The acid these bacteria produce also drops the pH of the food, which inhibits the growth of harmful bacteria. This is why fermentation has been used as a preservation method for thousands of years. Specific products and their bacterial processes include:
- Yogurt and cheese: Bacteria ferment lactose (milk sugar) into lactic acid, which thickens the milk and gives it a tangy flavor.
- Sauerkraut and kimchi: Bacteria naturally present on cabbage leaves ferment the vegetable’s sugars in a salty, oxygen-free environment.
- Sourdough bread: Lactic acid bacteria work alongside wild yeast to produce the bread’s characteristic sour flavor and chewy texture.

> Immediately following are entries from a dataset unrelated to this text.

lemma balanced_bipartition:
  fixes t :: "'b \<Rightarrow> real"
  assumes fin: "finite I" and nonneg: "\<forall>i\<in>I. 0 \<le> t i" and "0 \<le> K"
    and no_dominant: "\<forall>j\<in>I. t j \<le> K + sum t (I - {j})"
    and few_large: "card {i\<in>I. K < t i} \<le> 2"
  shows "\<exists>G\<subseteq>I. \<bar>sum t G - sum t (I - G)\<bar> \<le> K"
proof -
  define L where "L = {i\<in>I. K < t i}"
  have "finite L" "L \<subseteq> I"
    using fin by (auto simp: L_def)
  have small: "\<forall>i\<in>I - L. 0 \<le> t i \<and> t i \<le> K"
    using nonneg by (auto simp: L_def)
  show ?thesis
  proof (cases "L = {}")
    case True
    have "0 \<le> sum t I"
      using nonneg by (simp add: sum_nonneg)
    then show ?thesis
      using greedy_completion[OF fin empty_subsetI \<open>L \<subseteq> I\<close> small] True \<open>0 \<le> K\<close> by simp
  next
    case False
    \<comment> \<open>Seed the split with a largest element against the (at most one) other large element.\<close>
    have "Max (t ` L) \<in> t ` L"
      using False \<open>finite L\<close> by simp
    then obtain a where a: "a \<in> L" "Max (t ` L) = t a"
      by blast
    have "t i \<le> t a" if "i \<in> L" for i
      using Max_ge[of "t ` L" "t i"] \<open>finite L\<close> that a(2) by simp
    then have "sum t (L - {a}) \<le> real (card (L - {a})) * t a"
      by (intro sum_bounded_above) simp
    also have "\<dots> \<le> 1 * t a"
    proof (rule mult_right_mono)
      show "real (card (L - {a})) \<le> 1"
        using few_large a(1) \<open>finite L\<close> by (simp add: L_def)
      show "0 \<le> t a"
        using nonneg a(1) by (simp add: L_def)
    qed
    finally have "sum t (L - {a}) \<le> t a"
      by simp
    have "t a \<le> K + sum t (I - {a})"
      using no_dominant a(1) \<open>L \<subseteq> I\<close> by blast
    also have "I - {a} = (L - {a}) \<union> (I - L)"
      using a(1) \<open>L \<subseteq> I\<close> by blast
    also have "sum t ((L - {a}) \<union> (I - L)) = sum t (L - {a}) + sum t (I - L)"
      using \<open>finite L\<close> fin by (intro sum.union_disjoint) auto
    finally have "t a \<le> K + (sum t (L - {a}) + sum t (I - L))" .
    then have "\<bar>sum t {a} - sum t (L - {a})\<bar> - sum t (I - L) \<le> K"
      using \<open>sum t (L - {a}) \<le> t a\<close> by simp
    then show ?thesis
      using greedy_completion[OF fin _ \<open>L \<subseteq> I\<close> small, where H = "{a}"] a(1) \<open>0 \<le> K\<close> by blast
  qed
qed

- Pickled vegetables: A salt brine creates conditions where lactic acid bacteria outcompete other microbes, producing acid that preserves the vegetables.
Health Effects of Fermented Foods
The fermentation process does more than preserve food. Lactic acid bacteria produce a range of bioactive compounds during fermentation that have documented health effects, including anti-inflammatory, antioxidant, and immune-modulating properties. Fermented dairy products can positively reshape gut bacteria by stimulating the growth of beneficial microbes or introducing new species into the digestive tract.
One practical benefit is improved mineral absorption. Lactic acid bacteria break down phytic acid, a compound in grains and legumes that normally blocks your body from absorbing minerals like iron and zinc. Fermentation also helps with lactose intolerance. Certain bacterial strains, including Bifidobacterium species, produce lactic acid while digesting lactose, effectively pre-digesting the sugar that causes symptoms. This is why many people who can’t tolerate milk can eat yogurt without trouble.
Studies have also shown promise for gut conditions. Fermented milks produced with specific bacterial strains prevented the development of chronic gastritis in animal models, producing gut tissue that looked similar to that of healthy controls. Limited clinical data suggest fermented foods may improve symptoms of inflammatory bowel disease, though research in humans is still building.
Industrial Uses Beyond Food
Lactic acid produced through fermentation has become a valuable industrial chemical. It’s classified as “generally regarded as safe” by the FDA, which makes it versatile across industries. In food production, it serves as a preservative, flavor enhancer, and decontaminant. In cosmetics, it’s used as a moisturizer, skin-lightening agent, and anti-acne treatment.
Perhaps the most significant industrial application is the production of polylactic acid, a biodegradable plastic. Engineers polymerize lactic acid into long chains that can be molded into fibers, films, surgical sutures, and drug delivery systems. Because this plastic breaks down naturally, it offers an environmentally friendly alternative to petroleum-based plastics. Engineered bacterial strains can now produce lactic acid copolymers with lactate fractions above 96%, making the process increasingly viable for commercial-scale manufacturing. Lactic acid also serves as a building block for producing propylene glycol, acrylic acid, and various chemical solvents, giving this ancient fermentation pathway a surprisingly modern industrial footprint.